Problem → Your reply should contain every record, restated word for word.

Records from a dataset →
lemma local_degree_power_plus_const_off_root:
  assumes "poly g z \<noteq> 0" "pderiv g \<noteq> 0" "d \<ge> 1"
  shows "local_degree (g ^ d + [:c:]) z = Suc (order z (pderiv g))"
proof -
  have g0: "g \<noteq> 0" using assms(1) by auto
  have dn: "(of_nat d :: complex) \<noteq> 0" using assms(3) by simp
  have "pderiv (g ^ d + [:c:]) \<noteq> 0"
    using g0 assms(2) dn by (simp add: pderiv_power_plus_const)
  then have "degree (g ^ d + [:c:]) \<noteq> 0" by (simp add: pderiv_eq_0_iff)
  then have "local_degree (g ^ d + [:c:]) z = Suc (order z (pderiv (g ^ d + [:c:])))"
    by (rule local_degree_eq_Suc_order_pderiv)
  also have "order z (pderiv (g ^ d + [:c:])) = order z (g ^ (d - 1)) + order z (pderiv g)"
    using g0 assms(2) dn by (simp add: pderiv_power_plus_const order_smult order_mult)
  also have "order z (g ^ (d - 1)) = 0" using assms(1) by (simp add: order_0I)
  finally show ?thesis by simp
qed

lemma power_form_from_common_value:
  assumes "lead_coeff f = 1" "finite A" "A \<noteq> {}" "d \<ge> 1" "degree f = d * card A"
    and "\<And>z. z \<in> A \<Longrightarrow> local_degree f z = d" "\<And>z. z \<in> A \<Longrightarrow> poly f z = c"
  shows "f = (\<Prod>z\<in>A. [:-z,1:]) ^ d + [:c:]"
proof -
  have "degree f \<noteq> 0" using assms(2-5) by simp
  then have deg: "degree (f - [:c:]) = degree f"
    using degree_add_eq_left[of "[:-c:]" f] by (simp add: diff_conv_add_uminus)
  then have lead: "lead_coeff (f - [:c:]) = lead_coeff f"
    using \<open>degree f \<noteq> 0\<close> by (simp add: coeff_pCons split: nat.split)
  have "f - [:c:] = (\<Prod>z\<in>A. [:-z,1:]) ^ d"
  proof (rule monic_eq_power_of_root_product)
    show "order z (f - [:c:]) = d" if "z \<in> A" for z
      using assms(6,7)[OF that] by (simp add: local_degree_def)
  qed (use assms deg lead in auto)
  then show ?thesis by (simp add: diff_eq_eq)
qed

lemma eq_shifted_power_if_order_pderiv:
  fixes g :: "complex poly"
  assumes "lead_coeff g = 1" "degree g = d" "d \<ge> 1" "order \<beta> (pderiv g) = d - 1"
  shows "\<exists>e. g = [:-\<beta>,1:] ^ d + [:e:]"
proof -
  have dpg: "degree (pderiv g) = d - 1" using assms(2) by (simp add: degree_pderiv)
  have pg0: "pderiv g \<noteq> 0" using assms(2,3) by (simp add: pderiv_eq_0_iff)
  have "lead_coeff (pderiv g) = of_nat d"
    using assms dpg by (simp add: coeff_pderiv)
  then have "pderiv g = pderiv ([:-\<beta>,1:] ^ d)"
    using eq_smult_linear_power_if_order_eq_degree[OF pg0] assms(4) dpg
    by (simp add: pderiv_power pderiv_pCons)
  then have "pderiv (g - [:-\<beta>,1:] ^ d) = 0" by (simp add: pderiv_diff)
  then obtain e where "g - [:-\<beta>,1:] ^ d = [:e:]"
    by (metis degree_0_id pderiv_eq_0_iff)
  then show ?thesis by (metis add.commute diff_eq_eq)
qed

text \<open>The subleading coefficient of \<open>((x - \<beta>) ^ d + e) ^ d + c\<close> is \<open>-d\<^sup>2 \<beta>\<close>; so such a
  polynomial is centered only if \<open>\<beta> = 0\<close>.\<close>

lemma coeff_subleading_shifted_model:
  fixes \<beta> e c :: complex
  assumes "d \<ge> 2"
  shows "coeff (([:-\<beta>,1:] ^ d + [:e:]) ^ d + [:c:]) (d * d - 1) = - (of_nat (d * d) * \<beta>)"
proof -
  define g where "g = [:-\<beta>,1:] ^ d + [:e:]"
  have degg: "degree g = d"
    unfolding g_def using assms by (subst degree_add_eq_left) (simp_all add: degree_linear_power)
  have "coeff [:e:] d = 0" using assms by (cases d) auto
  then have leadg: "lead_coeff g = 1"
    unfolding degg unfolding g_def by (simp add: coeff_linear_power)
  have "coeff g (d - 1) = of_nat d * (-\<beta>)"
    using coeff_power_subleading[of "[:-\<beta>,1:]" 1 d] assms
    by (simp add: g_def coeff_pCons split: nat.split)
  moreover have "coeff (g ^ d) (d * d - 1) = of_nat d * coeff g (d - 1)"
    using coeff_power_subleading[OF degg _ leadg, of d] assms by (simp add: mult.commute)
  moreover have "d * d - 1 \<noteq> 0" using mult_le_mono[OF assms assms] by simp
  then have "coeff [:c:] (d * d - 1) = 0" by (simp add: coeff_pCons split: nat.split)
  ultimately show ?thesis unfolding g_def[symmetric] by (simp add: power2_eq_square)
qed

Task solution →
lemma local_degree_power_plus_const_off_root:
  assumes "poly g z \<noteq> 0" "pderiv g \<noteq> 0" "d \<ge> 1"
  shows "local_degree (g ^ d + [:c:]) z = Suc (order z (pderiv g))"
proof -
  have g0: "g \<noteq> 0" using assms(1) by auto
  have dn: "(of_nat d :: complex) \<noteq> 0" using assms(3) by simp
  have "pderiv (g ^ d + [:c:]) \<noteq> 0"
    using g0 assms(2) dn by (simp add: pderiv_power_plus_const)
  then have "degree (g ^ d + [:c:]) \<noteq> 0" by (simp add: pderiv_eq_0_iff)
  then have "local_degree (g ^ d + [:c:]) z = Suc (order z (pderiv (g ^ d + [:c:])))"
    by (rule local_degree_eq_Suc_order_pderiv)
  also have "order z (pderiv (g ^ d + [:c:])) = order z (g ^ (d - 1)) + order z (pderiv g)"
    using g0 assms(2) dn by (simp add: pderiv_power_plus_const order_smult order_mult)
  also have "order z (g ^ (d - 1)) = 0" using assms(1) by (simp add: order_0I)
  finally show ?thesis by simp
qed

lemma power_form_from_common_value:
  assumes "lead_coeff f = 1" "finite A" "A \<noteq> {}" "d \<ge> 1" "degree f = d * card A"
    and "\<And>z. z \<in> A \<Longrightarrow> local_degree f z = d" "\<And>z. z \<in> A \<Longrightarrow> poly f z = c"
  shows "f = (\<Prod>z\<in>A. [:-z,1:]) ^ d + [:c:]"
proof -
  have "degree f \<noteq> 0" using assms(2-5) by simp
  then have deg: "degree (f - [:c:]) = degree f"
    using degree_add_eq_left[of "[:-c:]" f] by (simp add: diff_conv_add_uminus)
  then have lead: "lead_coeff (f - [:c:]) = lead_coeff f"
    using \<open>degree f \<noteq> 0\<close> by (simp add: coeff_pCons split: nat.split)
  have "f - [:c:] = (\<Prod>z\<in>A. [:-z,1:]) ^ d"
  proof (rule monic_eq_power_of_root_product)
    show "order z (f - [:c:]) = d" if "z \<in> A" for z
      using assms(6,7)[OF that] by (simp add: local_degree_def)
  qed (use assms deg lead in auto)
  then show ?thesis by (simp add: diff_eq_eq)
qed

lemma eq_shifted_power_if_order_pderiv:
  fixes g :: "complex poly"
  assumes "lead_coeff g = 1" "degree g = d" "d \<ge> 1" "order \<beta> (pderiv g) = d - 1"
  shows "\<exists>e. g = [:-\<beta>,1:] ^ d + [:e:]"
proof -
  have dpg: "degree (pderiv g) = d - 1" using assms(2) by (simp add: degree_pderiv)
  have pg0: "pderiv g \<noteq> 0" using assms(2,3) by (simp add: pderiv_eq_0_iff)
  have "lead_coeff (pderiv g) = of_nat d"
    using assms dpg by (simp add: coeff_pderiv)
  then have "pderiv g = pderiv ([:-\<beta>,1:] ^ d)"
    using eq_smult_linear_power_if_order_eq_degree[OF pg0] assms(4) dpg
    by (simp add: pderiv_power pderiv_pCons)
  then have "pderiv (g - [:-\<beta>,1:] ^ d) = 0" by (simp add: pderiv_diff)
  then obtain e where "g - [:-\<beta>,1:] ^ d = [:e:]"
    by (metis degree_0_id pderiv_eq_0_iff)
  then show ?thesis by (metis add.commute diff_eq_eq)
qed

text \<open>The subleading coefficient of \<open>((x - \<beta>) ^ d + e) ^ d + c\<close> is \<open>-d\<^sup>2 \<beta>\<close>; so such a
  polynomial is centered only if \<open>\<beta> = 0\<close>.\<close>

lemma coeff_subleading_shifted_model:
  fixes \<beta> e c :: complex
  assumes "d \<ge> 2"
  shows "coeff (([:-\<beta>,1:] ^ d + [:e:]) ^ d + [:c:]) (d * d - 1) = - (of_nat (d * d) * \<beta>)"
proof -
  define g where "g = [:-\<beta>,1:] ^ d + [:e:]"
  have degg: "degree g = d"
    unfolding g_def using assms by (subst degree_add_eq_left) (simp_all add: degree_linear_power)
  have "coeff [:e:] d = 0" using assms by (cases d) auto
  then have leadg: "lead_coeff g = 1"
    unfolding degg unfolding g_def by (simp add: coeff_linear_power)
  have "coeff g (d - 1) = of_nat d * (-\<beta>)"
    using coeff_power_subleading[of "[:-\<beta>,1:]" 1 d] assms
    by (simp add: g_def coeff_pCons split: nat.split)
  moreover have "coeff (g ^ d) (d * d - 1) = of_nat d * coeff g (d - 1)"
    using coeff_power_subleading[OF degg _ leadg, of d] assms by (simp add: mult.commute)
  moreover have "d * d - 1 \<noteq> 0" using mult_le_mono[OF assms assms] by simp
  then have "coeff [:c:] (d * d - 1) = 0" by (simp add: coeff_pCons split: nat.split)
  ultimately show ?thesis unfolding g_def[symmetric] by (simp add: power2_eq_square)
qed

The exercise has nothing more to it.